Damn , Greptile is pretty useless.

michaelfeil commented 2 months ago

Does e.g. something like this work? https://huggingface.co/jinaai/jina-reranker-v1-turbo-en/discussions/10 aka --revision refs/pr/10 or so ? Seems like jina messed up their config. https://huggingface.co/mixedbread-ai/mxbai-rerank-xsmall-v1/blob/main/config.json mixedbread does it better here..

michaelfeil commented 2 months ago

@John42506176Linux The detail is that you need to set "architectures": ["JinaBertForSequenceClassification"], in the config.json to be recognized as reranker model. Would you be so kind and open PRs at the Jina models for this? I apprechiate your time

John42506176Linux commented 2 months ago

Assumed it was something simple, thanks for the quick response, I am testing your first comment rn.
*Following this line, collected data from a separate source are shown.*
(* Let $(V,\kappa)$ be a locally convex euclidean space and $D\neq0$ a continuous $\kappa$-skew-symmetric operator on $V$ which integrates to a smooth $\kappa$-orthogonal one-parameter group $\gamma$ on $V$, and such that $\omega_D(x,y):=\kappa(Dx,y)$ is non-degenerate (equivalently, $D$ is injective). Let $\mathfrak g=\mathfrak g(V,\kappa,D)$ and let $\lambda=(z^*,\alpha,t^* )\in\mathfrak g'$. Then the coadjoint orbit of $\lambda$ is non-trivial and semi-equicontinuous if and only if $z^*\neq0$ and $\alpha|_{D(V)}$ is $\kappa$-bounded, i.e. there is $C>0$ with $|\alpha(Dx)|\le C\kappa(Dx,Dx)^{1/2}$ for all $x\in V$. If $D(V)$ is dense in $V$, then the $\kappa$-boundedness of $\alpha|_{D(V)}$ is equivalent to the $\kappa$-boundedness of $\alpha$.
   Context: A locally convex euclidean space is a real locally convex space with a continuous positive definite symmetric bilinear form $\kappa$. The double extension $\mathfrak g(V,\kappa,D)=\mathbb R\times V\times\mathbb R$ has bracket $[(z,v,t),(z',v',t')]=(\kappa(Dv,v'),tDv'-t'Dv,0)$; it is the Lie algebra of the group $G=\mathbb R\times V\times\mathbb R$ with $(z,v,t)(z',v',t')=(z+z'+\frac12\omega_D(v,\gamma(t)v'),v+\gamma(t)v',t+t')$. Elements of $\mathfrak g'$ are written $(z^*,\alpha,t^* )$, meaning $(z,x,t)\mapsto z^*z+\alpha(x)+t^*t$, $\alpha\in V'$. Coadjoint orbits are $\mathrm{Ad}^*(G)$-orbits; non-trivial means not a single point; $E\subseteq\mathfrak g'$ is semi-equicontinuous if $y\mapsto\sup\langle E,-y\rangle$ is bounded on a neighborhood of some point. A linear form $\beta$ on a subspace of $V$ is $\kappa$-bounded if $\sup\{|\beta(v)|:\kappa(v,v)\le1\}<\infty$. *)

theory Defs
  imports "HOL-Analysis.Analysis" "HOL-Library.Extended_Real"
begin

class real_tvs = real_vector + t2_space +
  assumes tvs_add_continuous:
    "\<And>x y::'a. ((\<lambda>p. fst p + snd p) \<longlongrightarrow> x + y) (nhds x \<times>\<^sub>F nhds y)"
  assumes tvs_scaleR_continuous:
    "\<And>(a::real) (x::'a). ((\<lambda>p. fst p *\<^sub>R snd p) \<longlongrightarrow> a *\<^sub>R x) (nhds a \<times>\<^sub>F nhds x)"

class locally_convex = real_tvs +
  assumes locally_convex:
    "\<And>U::'a set. open U \<Longrightarrow> 0 \<in> U \<Longrightarrow> \<exists>C. open C \<and> 0 \<in> C \<and> C \<subseteq> U \<and>
          (\<forall>x\<in>C. \<forall>y\<in>C. \<forall>u::real. 0 \<le> u \<and> u \<le> 1 \<longrightarrow> (1 - u) *\<^sub>R x + u *\<^sub>R y \<in> C)"

definition lc_euclidean_form :: "('v::locally_convex \<Rightarrow> 'v \<Rightarrow> real) \<Rightarrow> bool" where
  "lc_euclidean_form \<kappa> \<longleftrightarrow>
     (\<forall>x. linear (\<kappa> x)) \<and> (\<forall>x y. \<kappa> x y = \<kappa> y x) \<and>
     (\<forall>x. x \<noteq> 0 \<longrightarrow> \<kappa> x x > 0) \<and>
     continuous_on UNIV (\<lambda>p::'v \<times> 'v. \<kappa> (fst p) (snd p))"

text \<open>Iterated directional derivatives: iter_deriv k f x hs is
  $d^k f(x)(h_0,\dots,h_{k-1})$ where $h_i$ = hs i.\<close>

fun iter_deriv :: "nat \<Rightarrow> ('a::real_vector \<Rightarrow> 'b::{real_vector,t2_space}) \<Rightarrow> 'a \<Rightarrow> (nat \<Rightarrow> 'a) \<Rightarrow> 'b" where
  "iter_deriv 0 f x hs = f x"
| "iter_deriv (Suc k) f x hs =
     Lim (at (0::real)) (\<lambda>t. (1 / t) *\<^sub>R (iter_deriv k f (x + t *\<^sub>R hs k) hs - iter_deriv k f x hs))"

text \<open>$C^\infty$ in the sense of Bastiani: all iterated directional derivatives exist and
  $(x,h_0,\dots,h_{k-1}) \mapsto d^k f(x)(h_0,\dots,h_{k-1})$ is continuous for every $k$
  (continuity is taken w.r.t. the product topology on 'a \<times> (nat \<Rightarrow> 'a); since
  iter_deriv k only depends on the first k directions this is the same as continuity
  on 'a \<times> 'a^k).\<close>

definition smooth_map :: "('a::{real_vector,topological_space} \<Rightarrow> 'b::{real_vector,t2_space}) \<Rightarrow> bool" where
  "smooth_map f \<longleftrightarrow>
     (\<forall>k. (\<forall>x hs. ((\<lambda>t. (1 / t) *\<^sub>R (iter_deriv k f (x + t *\<^sub>R hs k) hs - iter_deriv k f x hs))
                     \<longlongrightarrow> iter_deriv (Suc k) f x hs) (at (0::real)))
        \<and> continuous_on UNIV (\<lambda>p::'a \<times> (nat \<Rightarrow> 'a). iter_deriv k f (fst p) (snd p)))"

definition skew_generator ::
  "('v::locally_convex \<Rightarrow> 'v \<Rightarrow> real) \<Rightarrow> ('v \<Rightarrow> 'v) \<Rightarrow> (real \<Rightarrow> 'v \<Rightarrow> 'v) \<Rightarrow> bool" where
  "skew_generator \<kappa> D \<gamma> \<longleftrightarrow>
     linear D \<and> continuous_on UNIV D \<and> (\<forall>x y. \<kappa> (D x) y = - \<kappa> x (D y)) \<and>
     \<comment> \<open>one-parameter group of \<kappa>-orthogonal continuous linear operators\<close>
     (\<forall>t. linear (\<gamma> t) \<and> continuous_on UNIV (\<gamma> t)) \<and>
     (\<forall>t x y. \<kappa> (\<gamma> t x) (\<gamma> t y) = \<kappa> x y) \<and>
     \<gamma> 0 = id \<and> (\<forall>s t. \<gamma> (s + t) = \<gamma> s \<circ> \<gamma> t) \<and>
     \<comment> \<open>smooth action\<close>
     smooth_map (\<lambda>p::real \<times> 'v. \<gamma> (fst p) (snd p)) \<and>
     \<comment> \<open>with generator D\<close>
     (\<forall>v. ((\<lambda>h. (1 / h) *\<^sub>R (\<gamma> h v - v)) \<longlongrightarrow> D v) (at 0))"

definition omegaD :: "('v \<Rightarrow> 'v \<Rightarrow> real) \<Rightarrow> ('v \<Rightarrow> 'v) \<Rightarrow> 'v \<Rightarrow> 'v \<Rightarrow> real" where
  "omegaD \<kappa> D x y = \<kappa> (D x) y"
John42506176Linux commented 2 months ago

K looks good. Thanks for the quick fix, I appreciate the quick response, I'll open a pr, for the tiny model soon. (Need to finish testing for the turbo model first), but thanks saved me some time :).
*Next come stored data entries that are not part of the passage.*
lemma dff_shattered_dfft_height_one:
  assumes "H \<noteq> {}"
    and teachers: "\<And>l. l \<in> H \<Longrightarrow> T l \<in> teachers_H TT H \<and> is_teacher Phi (T l)"
    and disagree: "\<And>l. l \<in> H \<Longrightarrow> fst (T l) x \<noteq> snd l"
  shows "dff_shattered Phi TT H (dfft_height_one x H T) 1"
proof -
  define r where "r = dfft_height_one x H T"
  define c where "c l = teacher_leaf x (T l) (fst l)" for l
  have paths: "is_path r p \<longleftrightarrow> (\<exists>l \<in> H. p = [(l, c l)])" for p
    unfolding r_def c_def using \<open>H \<noteq> {}\<close> by (rule is_path_dfft_height_one)
  have feature: "\<exists>\<phi> \<in> Phi. nPhi (c l) = Some \<phi>" if "l \<in> H" for l
  proof -
    obtain lab \<psi> where T: "T l = (lab, \<psi>)" by fastforce
    with teachers[OF that] have "is_teacher Phi (lab, \<psi>)" and "lab (fst l) = snd l"
      using that by (auto simp: teachers_H_def consistent_with_def)
    with disagree[OF that] T obtain \<phi> where "\<psi> x (fst l) = Some \<phi>" "\<phi> \<in> Phi"
      by (metis fst_conv is_teacher_feature)
    then show ?thesis by (simp add: c_def T)
  qed
  have "\<not> is_leaf r" "is_leaf (c l)" for l
    using \<open>H \<noteq> {}\<close> by (simp_all add: r_def c_def is_leaf_dfft_height_one is_leaf_teacher_leaf)
  with feature have tree: "dff_tree Phi r"
    unfolding dff_tree_def paths by (fastforce simp: r_def c_def path_nodes_def)
  have edges: "{l. nCh r l \<noteq> None} = H"
    by (simp add: r_def nCh_dfft_height_one)
  have consistent: "path_consistent (T l) r [(l, c l)]" for l
    by (simp add: r_def c_def)
  show ?thesis
    unfolding dff_shattered_def r_def[symmetric]
  proof (intro conjI tree allI impI)
    fix p assume "is_path r p"
    then obtain l where l: "l \<in> H" and p: "p = [(l, c l)]" unfolding paths by blast
    show "\<forall>(l, c) \<in> set p. nY c \<noteq> Some (snd l)"
      using disagree[OF l] by (simp add: p c_def)
    show "{l. nCh (path_nodes r p ! k) l \<noteq> None} = H \<union> {(x, y). (x, Some y) \<in> lab_ex r (take k p)}"
      if "k < length p" for k
      using that edges by (simp add: p path_nodes_def)
    show "\<exists>T \<in> teachers_H TT H. path_consistent T r p"
      using teachers[OF l] consistent p by blast
    show "length p = 1" by (simp add: p)
  qed
qed

lemma DFFdim_eq_enatI:
  assumes "dff_shattered Phi TT H r n" and "\<And>r m. dff_shattered Phi TT H r m \<Longrightarrow> m \<le> n"
  shows "DFFdim Phi TT H = enat n"
  unfolding DFFdim_def using assms by (intro Sup_eqI) (auto, blast)

lemma Ldim_eq_infinityI:
  assumes "ltree_shattered_inf C t"
  shows "Ldim C = \<infinity>"
proof -
  from assms have "ltree_shattered C t d" for d
    unfolding ltree_shattered_inf_def ltree_shattered_def by blast
  then have "{enat d | d. \<exists>t. ltree_shattered C t d} = range enat" by blast
  moreover have "infinite (range enat)" by (simp add: finite_image_iff inj_on_def)
  ultimately show ?thesis by (simp add: Ldim_def Sup_enat_def)
qed

lemma hist_X_empty [simp]: "hist_X {} = {}"
  by (simp add: hist_X_def)

lemma hist_X_insert [simp]: "hist_X (insert (x, y) H) = insert x (hist_X H)"
  by (auto simp: hist_X_def)

lemma restrict_label_in_DtO: "(lab, \<psi>) \<in> TT \<Longrightarrow> (Some \<circ> lab) |` (UNIV - hist_X H) \<in> DtO TT H"
  unfolding DtO_def by blast

lemma inj_feat: "inj feat"
proof
  fix a b assume "feat a = feat b"
  then have "feat a (\<lambda>i. i = a) = feat b (\<lambda>i. i = a)" by simp
  then show "a = b" by (simp add: feat_def)
qed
John42506176Linux commented 2 months ago

@michaelfeil Tiny gives the following error when making the config.json change RuntimeError: Error(s) in loading state_dict for JinaBertForSequenceClassification:
size mismatch for classifier.weight: copying a param with shape torch.Size([1, 384]) from checkpoint, the shape in current model is torch.Size([2, 384]). size mismatch for classifier.bias: copying a param with shape torch.Size([1]) from checkpoint, the shape in current model is torch.Size([2]). You may consider adding ignore_mismatched_sizes=True in the model from_pretrained method.
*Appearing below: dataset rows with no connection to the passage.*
lemma (in prob_space) nn_integral_indicator_powr_le:
  fixes Z :: "'a \<Rightarrow> real" and P :: "'a \<Rightarrow> bool"
  assumes [measurable]: "Z \<in> borel_measurable M" "Measurable.pred M P"
    and p: "p \<ge> 1" and t: "t > 0" and A: "A \<ge> 0" and C: "C \<ge> 0"
    and a: "a > p - 1" and b: "b > p - 1"
    and tail: "\<And>x. x \<ge> t \<Longrightarrow> prob {\<omega>\<in>space M. P \<omega> \<and> x \<le> Z \<omega>} \<le> A * x powr (-a) + C * x powr (-b)"
  shows "(\<integral>\<^sup>+\<omega>. indicator {\<omega>. t < Z \<omega> \<and> P \<omega>} \<omega> * ennreal (Z \<omega> powr (p-1)) \<partial>M)
    \<le> ennreal (A * (a / (a+1-p)) * t powr (p-1-a) + C * (b / (b+1-p)) * t powr (p-1-b))"
proof -
  let ?E = "\<lambda>x. {\<omega>\<in>space M. P \<omega> \<and> t < Z \<omega> \<and> x \<le> Z \<omega>}"
  have E_le: "emeasure M (?E x) \<le> ennreal (A * x powr (-a) + C * x powr (-b))" if "t \<le> x" for x
  proof -
    have "emeasure M (?E x) \<le> emeasure M {\<omega>\<in>space M. P \<omega> \<and> x \<le> Z \<omega>}"
      by (intro emeasure_mono) auto
    also have "\<dots> \<le> ennreal (A * x powr (-a) + C * x powr (-b))"
      using tail[OF that] by (simp add: emeasure_eq_measure ennreal_leI)
    finally show ?thesis .
  qed
  have "{\<omega>\<in>space M. t < Z \<omega> \<and> P \<omega>} = ?E t" by auto
  then have "ennreal (t powr (p-1)) * emeasure M {\<omega>\<in>space M. t < Z \<omega> \<and> P \<omega>}
      \<le> ennreal (t powr (p-1)) * ennreal (A * t powr (-a) + C * t powr (-b))"
    using E_le[of t] by (simp add: mult_left_mono)
  also have "\<dots> = ennreal (t powr (p-1) * (A * t powr (-a)) + t powr (p-1) * (C * t powr (-b)))"
    using A C by (simp add: ennreal_mult distrib_left)
  finally have head_le: "ennreal (t powr (p-1)) * emeasure M {\<omega>\<in>space M. t < Z \<omega> \<and> P \<omega>}
      \<le> ennreal (t powr (p-1) * (A * t powr (-a)) + t powr (p-1) * (C * t powr (-b)))" .
  have "(\<integral>\<^sup>+x. ennreal ((p-1) * x powr (p-2)) * indicator {t..} x * emeasure M (?E x) \<partial>lborel)
      \<le> (\<integral>\<^sup>+x. ennreal ((p-1) * x powr (p-2)) * indicator {t..} x
            * ennreal (A * x powr (-a) + C * x powr (-b)) \<partial>lborel)"
    by (intro nn_integral_mono) (auto split: split_indicator intro: mult_left_mono E_le)
  also have "\<dots> = ennreal (A * (p-1) / (a+1-p) * t powr (p-1-a)) + ennreal (C * (p-1) / (b+1-p) * t powr (p-1-b))"
    by (rule nn_integral_powr_two_tails[OF A C a b p t])
  finally have tail_integral_le: "(\<integral>\<^sup>+x. ennreal ((p-1) * x powr (p-2)) * indicator {t..} x
      * emeasure M (?E x) \<partial>lborel)
      \<le> ennreal (A * (p-1) / (a+1-p) * t powr (p-1-a)) + ennreal (C * (p-1) / (b+1-p) * t powr (p-1-b))" .
  have "(\<integral>\<^sup>+\<omega>. indicator {\<omega>. t < Z \<omega> \<and> P \<omega>} \<omega> * ennreal (Z \<omega> powr (p-1)) \<partial>M)
      \<le> ennreal (t powr (p-1) * (A * t powr (-a)) + t powr (p-1) * (C * t powr (-b)))
        + (ennreal (A * (p-1) / (a+1-p) * t powr (p-1-a)) + ennreal (C * (p-1) / (b+1-p) * t powr (p-1-b)))"
    unfolding nn_integral_indicator_powr_eq[OF assms(1,2) p t] by (rule add_mono[OF head_le tail_integral_le])
  also have "\<dots> = ennreal (A * (a / (a+1-p)) * t powr (p-1-a) + C * (b / (b+1-p)) * t powr (p-1-b))"
  proof -
    have "0 \<le> t powr (p-1) * (A * t powr (-a)) + t powr (p-1) * (C * t powr (-b))"
      "0 \<le> A * (p-1) / (a+1-p) * t powr (p-1-a)" "0 \<le> C * (p-1) / (b+1-p) * t powr (p-1-b)"
      using A C a b p by auto
    moreover have "t powr (p-1) * (A * t powr (-a)) + t powr (p-1) * (C * t powr (-b))
        + (A * (p-1) / (a+1-p) * t powr (p-1-a) + C * (p-1) / (b+1-p) * t powr (p-1-b))
      = A * (a / (a+1-p)) * t powr (p-1-a) + C * (b / (b+1-p)) * t powr (p-1-b)"
      using powr_layer_cake_coeff[OF a, of t A] powr_layer_cake_coeff[OF b, of t C] by linarith
    ultimately show ?thesis by (simp add: ennreal_plus[symmetric] del: ennreal_plus)
  qed
  finally show ?thesis .
qed
lemma generator_not_additive:
  assumes "0 < t" "t < 1"
  shows "generator (Lam12 1 1 1 1) t \<noteq> (\<lambda>\<rho>. generator (Lam1 1 1) t \<rho> + generator (Lam2 1 1) t \<rho>)"
proof
  assume additive:
    "generator (Lam12 1 1 1 1) t = (\<lambda>\<rho>. generator (Lam1 1 1) t \<rho> + generator (Lam2 1 1) t \<rho>)"
  have t2: "t\<^sup>2 < 1"
    using assms by (simp add: abs_square_less_1)
  define A' where "A' = avg2 (\<lambda>x y. cos_sinc t x y * x\<^sup>2)"
  define B' where "B' = avg2 (\<lambda>x y. cos_sinc t x y * y\<^sup>2)"
  note generator_Lam12 = generator_Lam12[OF weight_z_has_real_derivative weight_x_has_real_derivative t2,
      folded A'_def B'_def]
  have scaleR_eq: "a = b" if "a *\<^sub>R v = b *\<^sub>R v" "v \<noteq> 0" for a b :: real and v :: qmat
    using that by simp
  have "(- 2 * A' / (1 - 2 * weight_z t)) *\<^sub>R sigma_x = (- t) *\<^sub>R sigma_x"
    using fun_cong[OF additive, of sigma_x]
    unfolding generator_Lam12 generator_Lam1 generator_Lam2 by (simp only: add_0_right)
  note x = scaleR_eq[OF this sigma_nonzero(1)]
  have "(- 2 * (A' + B') / (1 - 2 * weight_z t - 2 * weight_x t)) *\<^sub>R sigma_y = (- t + - t) *\<^sub>R sigma_y"
    using fun_cong[OF additive, of sigma_y]
    unfolding generator_Lam12 generator_Lam1 generator_Lam2 scaleR_left_distrib[symmetric]
    by (simp only:)
  note y = scaleR_eq[OF this sigma_nonzero(2)]
  have "(- 2 * B' / (1 - 2 * weight_x t)) *\<^sub>R sigma_z = (- t) *\<^sub>R sigma_z"
    using fun_cong[OF additive, of sigma_z]
    unfolding generator_Lam12 generator_Lam1 generator_Lam2 by (simp only: add_0_left)
  note z = scaleR_eq[OF this sigma_nonzero(3)]
  have "t * (weight_z t + weight_x t) = 0"
    using eigenvalue_equations_force_zero[OF x _ y _ z] eigenvalues_Lam12_pos[OF t2] by simp
  moreover have "0 < weight_z t + weight_x t"
    using weight_sum_pos[OF assms] .
  ultimately show False
    using assms by simp
qed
michaelfeil commented 2 months ago

@John42506176Linux Seems like the reranker model has 2 outputs. That is not how rerankers are trained. Rerankers usually have one and only one output class.

With all respect, I don't have time to fix Jina's questionable choice for training here. The config file is ambiguous and leaves a lot of room for how to load the model.

John42506176Linux commented 2 months ago

No worries, you already saved me time, by helping with turbo. Thanks for the assistance.